OJK: Kerugian Akibat Penipuan Digital Tembus Rp 7 Triliun, ‘Fake Call’ Paling Merugikan

JAKARTA – Otoritas Jasa Keuangan (OJK) mengungkap fakta mengejutkan mengenai dampak penipuan digital di Indonesia. Sejak Indonesia Anti-Scam Centre (IASC) beroperasi pada November 2024, total kerugian masyarakat yang tercatat telah menembus Rp 7 triliun.
OJK pun memetakan 10 modus penipuan yang paling banyak memakan korban.
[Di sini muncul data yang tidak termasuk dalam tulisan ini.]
lemma finsum_smult_vec_eq_0_iff:
  fixes c :: "'b \<Rightarrow> 'a :: semiring_0"
  assumes J: "finite J" and f: "\<And>j. j \<in> J \<Longrightarrow> f j \<in> carrier_vec d"
  shows "finsum_vec TYPE('a) d (\<lambda>j. c j \<cdot>\<^sub>v f j) J = 0\<^sub>v d \<longleftrightarrow>
    (\<forall>b<d. (\<Sum>j\<in>J. c j * f j $ b) = 0)"
proof -
  let ?v = "finsum_vec TYPE('a) d (\<lambda>j. c j \<cdot>\<^sub>v f j) J"
  have closed: "(\<lambda>j. c j \<cdot>\<^sub>v f j) \<in> J \<rightarrow> carrier_vec d"
    using f by auto
  have index: "?v $ b = (\<Sum>j\<in>J. c j * f j $ b)" if b: "b < d" for b
  proof -
    have "?v $ b = (\<Sum>j\<in>J. (c j \<cdot>\<^sub>v f j) $ b)"
      by (rule index_finsum_vec[OF J b closed])
    also have "\<dots> = (\<Sum>j\<in>J. c j * f j $ b)"
    proof (rule sum.cong[OF refl])
      fix j assume "j \<in> J"
      then have "dim_vec (f j) = d"
        using f carrier_vecD by blast
      then show "(c j \<cdot>\<^sub>v f j) $ b = c j * f j $ b"
        using b by simp
    qed
    finally show ?thesis .
  qed
  have "?v = 0\<^sub>v d \<longleftrightarrow> (\<forall>b<d. ?v $ b = 0)"
  proof
    show "\<forall>b<d. ?v $ b = 0" if "?v = 0\<^sub>v d"
      using that by simp
    show "?v = 0\<^sub>v d" if "\<forall>b<d. ?v $ b = 0"
      using that finsum_vec_closed[OF closed] by (intro eq_vecI) auto
  qed
  then show ?thesis
    using index by simp
qed

lemma lin_indep_family_iff:
  assumes "finite J" and "\<And>j. j \<in> J \<Longrightarrow> f j \<in> carrier_vec d"
  shows "lin_indep_family J f d \<longleftrightarrow>
    (\<forall>c. (\<forall>b<d. (\<Sum>j\<in>J. c j * f j $ b) = 0) \<longrightarrow> (\<forall>j\<in>J. c j = 0))"
  by (simp add: lin_indep_family_def finsum_smult_vec_eq_0_iff[OF assms])

lemma lin_indep_family_comp:
  assumes indep: "lin_indep_family J f d"
    and J: "finite J" and f_carrier: "\<And>j. j \<in> J \<Longrightarrow> f j \<in> carrier_vec d"
    and h: "inj_on h I" "h ` I \<subseteq> J"
  shows "lin_indep_family I (f \<circ> h) d"
proof -
  have I: "finite I"
    using finite_subset[OF h(2) J] finite_imageD h(1) by blast
  have carrier: "\<And>i. i \<in> I \<Longrightarrow> (f \<circ> h) i \<in> carrier_vec d"
    using f_carrier h(2) by auto
  have indep_I: "\<forall>i\<in>I. c i = 0" if sum_0: "\<forall>b<d. (\<Sum>i\<in>I. c i * f (h i) $ b) = 0" for c
  proof -
    define c' where "c' k = (if k \<in> h ` I then c (inv_into I h k) else 0)" for k
    have c'_h: "c' (h i) = c i" if "i \<in> I" for i
      using h(1) that by (simp add: c'_def)
    have "(\<Sum>j\<in>J. c' j * f j $ b) = 0" if "b < d" for b
    proof -
      have "(\<Sum>j\<in>J. c' j * f j $ b) = (\<Sum>k\<in>h ` I. c' k * f k $ b)"
        using J h(2) by (intro sum.mono_neutral_right) (auto simp: c'_def)
      also have "\<dots> = (\<Sum>i\<in>I. c' (h i) * f (h i) $ b)"
        using sum.reindex[OF h(1)] by simp
      also have "\<dots> = (\<Sum>i\<in>I. c i * f (h i) $ b)"
        using c'_h by simp
      finally show ?thesis
        using sum_0 that by simp
    qed
    then have "\<forall>j\<in>J. c' j = 0"
      using indep lin_indep_family_iff[of J f d, OF J f_carrier] by blast
    then show ?thesis
      using h(2) c'_h by (metis image_subset_iff)
  qed
  have "\<forall>c. (\<forall>b<d. (\<Sum>i\<in>I. c i * (f \<circ> h) i $ b) = 0) \<longrightarrow> (\<forall>i\<in>I. c i = 0)"
    unfolding comp_def using indep_I by blast
  then show ?thesis
    using lin_indep_family_iff[of I "f \<circ> h" d, OF I carrier] by blast
qed

lemma mult_mat_vec_eq_0_if_lin_indep_family:
  assumes indep: "lin_indep_family {..<m} g d" and g: "\<And>t. t < m \<Longrightarrow> g t \<in> carrier_vec d"
    and x: "x \<in> carrier_vec m" and zero: "mat d m (\<lambda>(b, t). g t $ b) *\<^sub>v x = 0\<^sub>v d"
  shows "x = 0\<^sub>v m"
proof -
  have "(\<Sum>t<m. x $ t * g t $ b) = 0" if b: "b < d" for b
  proof -
    have "(\<Sum>t<m. x $ t * g t $ b) = (\<Sum>t\<in>{0..<m}. g t $ b * x $ t)"
      by (simp add: atLeast0LessThan mult.commute)
    also have "\<dots> = (mat d m (\<lambda>(b, t). g t $ b) *\<^sub>v x) $ b"
      using x b by (simp add: scalar_prod_def)
    finally show ?thesis
      using zero b by simp
  qed
  moreover have "\<And>t. t \<in> {..<m} \<Longrightarrow> g t \<in> carrier_vec d"
    using g by simp
  ultimately have "\<forall>t<m. x $ t = 0"
    using indep lin_indep_family_iff[of "{..<m}" g d] by blast
  then show ?thesis
    using x by (intro eq_vecI) auto
qed

lemma cscalar_prod_eq_sum:
  assumes "w \<in> carrier_vec d"
  shows "v \<bullet>c w = (\<Sum>b<d. v $ b * cnj (w $ b))"
  using assms by (simp add: scalar_prod_def atLeast0LessThan)

lemma projection_diag_eq_cscalar_col:
  assumes P: "is_projection n P" and j: "j < n"
  shows "P $$ (j, j) = col P j \<bullet>c col P j"
proof -
  have P_carrier: "P \<in> carrier_mat n n" and idem: "P * P = P" and herm: "mat_adjoint P = P"
    using P unfolding is_projection_def by auto
  have row_eq: "row P j = conjugate (col P j)"
  proof (rule eq_vecI)
    fix k assume "k < dim_vec (conjugate (col P j))"
    then have k: "k < n"
      using P_carrier by simp
    have "row P j $ k = mat_adjoint P $$ (j, k)"
      using herm P_carrier j k by simp
    also have "\<dots> = conjugate (col P j) $ k"
      using P_carrier j k by (simp add: mat_adjoint_def mat_of_rows_def)
    finally show "row P j $ k = conjugate (col P j) $ k" .
  qed (use P_carrier in simp)
  have col_carrier: "col P j \<in> carrier_vec n"
    using P_carrier j by simp
  have "P $$ (j, j) = (P * P) $$ (j, j)"
    using idem by simp
  also have "\<dots> = conjugate (col P j) \<bullet> col P j"
    using P_carrier j row_eq by simp
  also have "\<dots> = col P j \<bullet>c col P j"
    using conjugate_vec_sprod_comm[OF col_carrier col_carrier] by simp
  finally show ?thesis .
qed

lemma projection_diag_nonneg:
  assumes "is_projection n P" and "j < n"
  shows "P $$ (j, j) \<ge> 0"
  unfolding projection_diag_eq_cscalar_col[OF assms] by (rule conjugate_square_ge_0_vec)

lemma projection_col_eq_0_if_diag_eq_0:
  assumes P: "is_projection n P" and j: "j < n" and "P $$ (j, j) = 0"
  shows "col P j = 0\<^sub>v n"
proof -
  have "col P j \<in> carrier_vec n"
    using P j unfolding is_projection_def by simp
  moreover have "col P j \<bullet>c col P j = 0"
    using assms projection_diag_eq_cscalar_col[OF P j] by simp
  ultimately show ?thesis
    using conjugate_square_eq_0_vec by blast
qed
lemma \<phi>_lipschitz:
  assumes "j \<le> k" "x \<in> E" "y \<in> E"
  shows "\<bar>\<phi> j x - \<phi> j y\<bar> \<le> 4 / \<rho> * d x y"
proof -
  obtain T where T: "T \<subseteq> E" "T \<noteq> {}"
    and le: "\<bar>\<phi> j x - \<phi> j y\<bar> \<le> 4 / \<rho> * \<bar>minfdist x T - minfdist y T\<bar>"
  proof (cases "j = 0")
    case True
    have "\<bar>\<phi> j x - \<phi> j y\<bar>
        \<le> \<bar>(4 / \<rho> * minfdist x (enl t) - 1) - (4 / \<rho> * minfdist y (enl t) - 1)\<bar>"
      unfolding \<phi>_def using True by (simp only: simp_thms if_True clamp01_lipschitz)
    also have "\<dots> = \<bar>4 / \<rho> * (minfdist x (enl t) - minfdist y (enl t))\<bar>"
      by (simp only: right_diff_distrib diff_diff_eq2)
    also have "\<dots> = 4 / \<rho> * \<bar>minfdist x (enl t) - minfdist y (enl t)\<bar>"
      by (simp only: abs_mult) (simp add: rho_pos less_imp_le)
    finally show thesis using that[of "enl t"] enl_t_nonempty by (auto simp: enlargement_def)
  next
    case False
    hence j: "j \<in> {1..k}" using assms(1) by auto
    have "\<bar>\<phi> j x - \<phi> j y\<bar>
        \<le> \<bar>(2 - 4 / \<rho> * minfdist x (A j)) - (2 - 4 / \<rho> * minfdist y (A j))\<bar>"
      unfolding \<phi>_def using False by (simp only: if_False clamp01_lipschitz)
    also have "\<dots> = \<bar>4 / \<rho> * (minfdist x (A j) - minfdist y (A j))\<bar>"
      by (simp only: abs_minus_commute right_diff_distrib)
    also have "\<dots> = 4 / \<rho> * \<bar>minfdist x (A j) - minfdist y (A j)\<bar>"
      by (simp only: abs_mult) (simp add: rho_pos less_imp_le)
    finally show thesis using that[of "A j"] A_subset[OF j] A_nonempty[OF j] by auto
  qed
  note le
  also have "\<dots> \<le> 4 / \<rho> * d x y"
    using minfdist_lipschitz[OF T assms(2,3)] rho_pos by (intro mult_left_mono) auto
  finally show ?thesis .
qed

lemma \<phi>_A_eq_1: "minfdist x (A j) \<le> \<rho> / 4 \<Longrightarrow> j \<noteq> 0 \<Longrightarrow> \<phi> j x = 1"
  and \<phi>_A_eq_0: "\<rho> / 2 \<le> minfdist x (A j) \<Longrightarrow> j \<noteq> 0 \<Longrightarrow> \<phi> j x = 0"
  and \<phi>_0_eq_0: "minfdist x (enl t) \<le> \<rho> / 4 \<Longrightarrow> \<phi> 0 x = 0"
  and \<phi>_0_eq_1: "\<rho> / 2 \<le> minfdist x (enl t) \<Longrightarrow> \<phi> 0 x = 1"
  unfolding \<phi>_def using rho_pos
  by (auto intro!: clamp01_eq_0 clamp01_eq_1 simp: field_simps)

abbreviation \<Phi> :: "(nat \<Rightarrow> real) \<Rightarrow> 'a \<Rightarrow> real" where
  "\<Phi> c \<equiv> \<lambda>x. \<Sum>j\<le>k. c j * \<phi> j x"

lemma \<phi>_vanishes_near_A:
  assumes i: "i \<in> {1..k}" and y: "y \<in> E" and near: "minfdist y (A i) < \<rho>"
    and j: "j \<le> k" "j \<noteq> i"
  shows "\<phi> j y = 0"
proof (cases "j = 0")
  case True
  obtain a where "a \<in> A i" "d y a < \<rho>" using near minfdist_less_iff[OF A_nonempty[OF i]] by auto
  hence "y \<in> enl t" using i y rho_le_t unfolding U_def enlargement_def by force
  thus ?thesis using True minfdist_eq_0[of y "enl t"] rho_pos
    by (auto intro: \<phi>_0_eq_0 simp: enlargement_def)
next
  case False
  hence j1: "j \<in> {1..k}" using j by auto
  have "2 * r \<le> minfdist y (A i) + minfdist y (A j)"
    using minfdist_A_sum_ge[OF i j1 _ A_nonempty[OF i] A_nonempty[OF j1] y] j by auto
  thus ?thesis using near rho_le_r rho_pos False by (intro \<phi>_A_eq_0) auto
qed

lemma \<Phi>_near_A:
  assumes "i \<in> {1..k}" "y \<in> E" "minfdist y (A i) < \<rho>"
  shows "\<Phi> c y = c i * \<phi> i y"
  using assms \<phi>_vanishes_near_A by (intro sum_eq_single_term) auto

lemma \<Phi>_far_from_A:
  assumes "\<And>i. i \<in> {1..k} \<Longrightarrow> \<rho> / 2 \<le> minfdist y (A i)"
  shows "\<Phi> c y = c 0 * \<phi> 0 y"
  using assms \<phi>_A_eq_0 by (intro sum_eq_single_term) auto

lemma minfdist_ge_outside_enl:
  assumes x: "x \<in> E - enl (t + \<rho>)"
  shows "\<rho> \<le> minfdist x (enl t)" and "i \<in> {1..k} \<Longrightarrow> \<rho> \<le> minfdist x (A i)"
proof -
  show "\<rho> \<le> minfdist x (enl t)"
  proof (rule ccontr)
    assume "\<not> \<rho> \<le> minfdist x (enl t)"
    hence "x \<in> enlargement E d (enl t) \<rho>"
      using x enl_t_nonempty by (simp add: enlargement_eq)
    thus False using x enlargement_enlargement[OF U_subset] by blast
  qed
  assume i: "i \<in> {1..k}"
  show "\<rho> \<le> minfdist x (A i)"
  proof (rule ccontr)
    assume "\<not> \<rho> \<le> minfdist x (A i)"
    then obtain a where "a \<in> A i" "d x a < \<rho>"
      using minfdist_less_iff[OF A_nonempty[OF i], of x \<rho>] by (auto simp: not_le)
    moreover have "d x a < t + \<rho>" using \<open>d x a < \<rho>\<close> rho_pos rho_le_t by linarith
    ultimately have "x \<in> enl (t + \<rho>)" using i x unfolding U_def enlargement_def by blast
    thus False using x by blast
  qed
qed

definition X :: "nat \<Rightarrow> 'a set" where
  "X j = (if j = 0 then E - enl (t + \<rho>) else A j)"

lemma \<phi>_on_X:
  assumes "i \<le> k" "j \<le> k" "x \<in> X j"
  shows "\<phi> i x = (if i = j then 1 else 0)"
proof (cases "j = 0")
  case True
  hence x: "x \<in> E - enl (t + \<rho>)" using assms(3) by (simp add: X_def)
  show ?thesis
  proof (cases "i = 0")
    case False
    hence "\<rho> / 2 \<le> minfdist x (A i)" using minfdist_ge_outside_enl(2)[OF x, of i] assms(1) rho_pos by auto
    thus ?thesis using False True by (simp add: \<phi>_A_eq_0)
  qed (use True minfdist_ge_outside_enl(1)[OF x] rho_pos in \<open>simp add: \<phi>_0_eq_1\<close>)
next
  case False
  hence j: "j \<in> {1..k}" "x \<in> A j" using assms(2,3) by (auto simp: X_def)
  have x: "x \<in> E" "minfdist x (A j) = 0" using j A_subset[OF j(1)] minfdist_eq_0 by auto
  show ?thesis
    using False \<phi>_vanishes_near_A[OF j(1) x(1) _ assms(1)] x(2) rho_pos by (auto intro: \<phi>_A_eq_1)
qed

lemma X_sets: "j \<le> k \<Longrightarrow> X j \<in> sets \<mu>"
  unfolding X_def using enl_sets space_eq A_sets by (auto intro!: sets.compl_sets)

lemma X_disjoint: "disjoint_family_on X {..k}"
proof -
  have "U \<subseteq> enl (t + \<rho>)" using rho_pos rho_le_t by (intro subset_enlargement[OF U_subset]) simp
  hence sub: "A i \<subseteq> enl (t + \<rho>)" if "i \<in> {1..k}" for i using that unfolding U_def by blast
  show ?thesis
    unfolding disjoint_family_on_def
  proof (intro ballI impI)
    fix m n assume "m \<in> {..k}" "n \<in> {..k}" "m \<noteq> n"
    thus "X m \<inter> X n = {}"
      using sub[of m] sub[of n] A_disjoint[unfolded disjoint_family_on_def, rule_format, of m n]
      unfolding X_def by (cases "m = 0"; cases "n = 0") auto
  qed
qed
Data ini dipaparkan oleh Kepala Eksekutif Pengawas Perilaku Pelaku Usaha Jasa Keuangan OJK, Friderica Widyasari Dewi (Kiki), di Purwokerto, Sabtu (18/10/2025).
Menurut Kiki, modus yang paling sering dilaporkan adalah penipuan jual-beli online, dengan 53.928 laporan dan total kerugian mencapai Rp 988 miliar.
“Modus ini paling banyak menimpa kalangan ibu rumah tangga karena tergiur harga lebih murah,” ujar Kiki.
Meski begitu, kerugian finansial terbesar justru datang dari modus Fake Call atau telepon palsu, di mana penipu mengaku sebagai petugas lembaga resmi. Meski laporannya “hanya” 31.299 kasus, modus ini berhasil meraup kerugian Rp 1,31 triliun.
Di peringkat kedua modus paling merugikan adalah penipuan investasi bodong, yang telah menelan kerugian Rp 1,09 triliun dari 19.850 laporan. Kasus ini mencakup investasi ilegal berkedok aset digital hingga properti fiktif.
Modus lain yang juga menyedot kerugian besar adalah penawaran kerja palsu (Rp 656 miliar), phishing atau penipuan siber (Rp 507,53 miliar), dan penipuan lewat media sosial (Rp 491,13 miliar).
Selain itu, OJK mencatat ribuan laporan lainnya terkait modus penipuan hadiah/undian, social engineering, jerat pinjaman online ilegal, hingga penipuan berbahaya melalui file APK WhatsApp yang mampu menguras rekening korban.
Secara geografis, laporan penipuan terbanyak berasal dari Jawa Barat (61.857 laporan), disusul DKI Jakarta (48.165 laporan), dan Jawa Timur (40.454 laporan).
Melihat masifnya kerugian ini, Kiki menegaskan agar masyarakat selalu waspada dan menerapkan prinsip kehati-hatian sebagai perlindungan terbaik.
“Tidak ada investasi yang untung besar tanpa risiko. Prinsip kehati-hatian adalah perlindungan terbaik bagi konsumen,” tutup Kiki.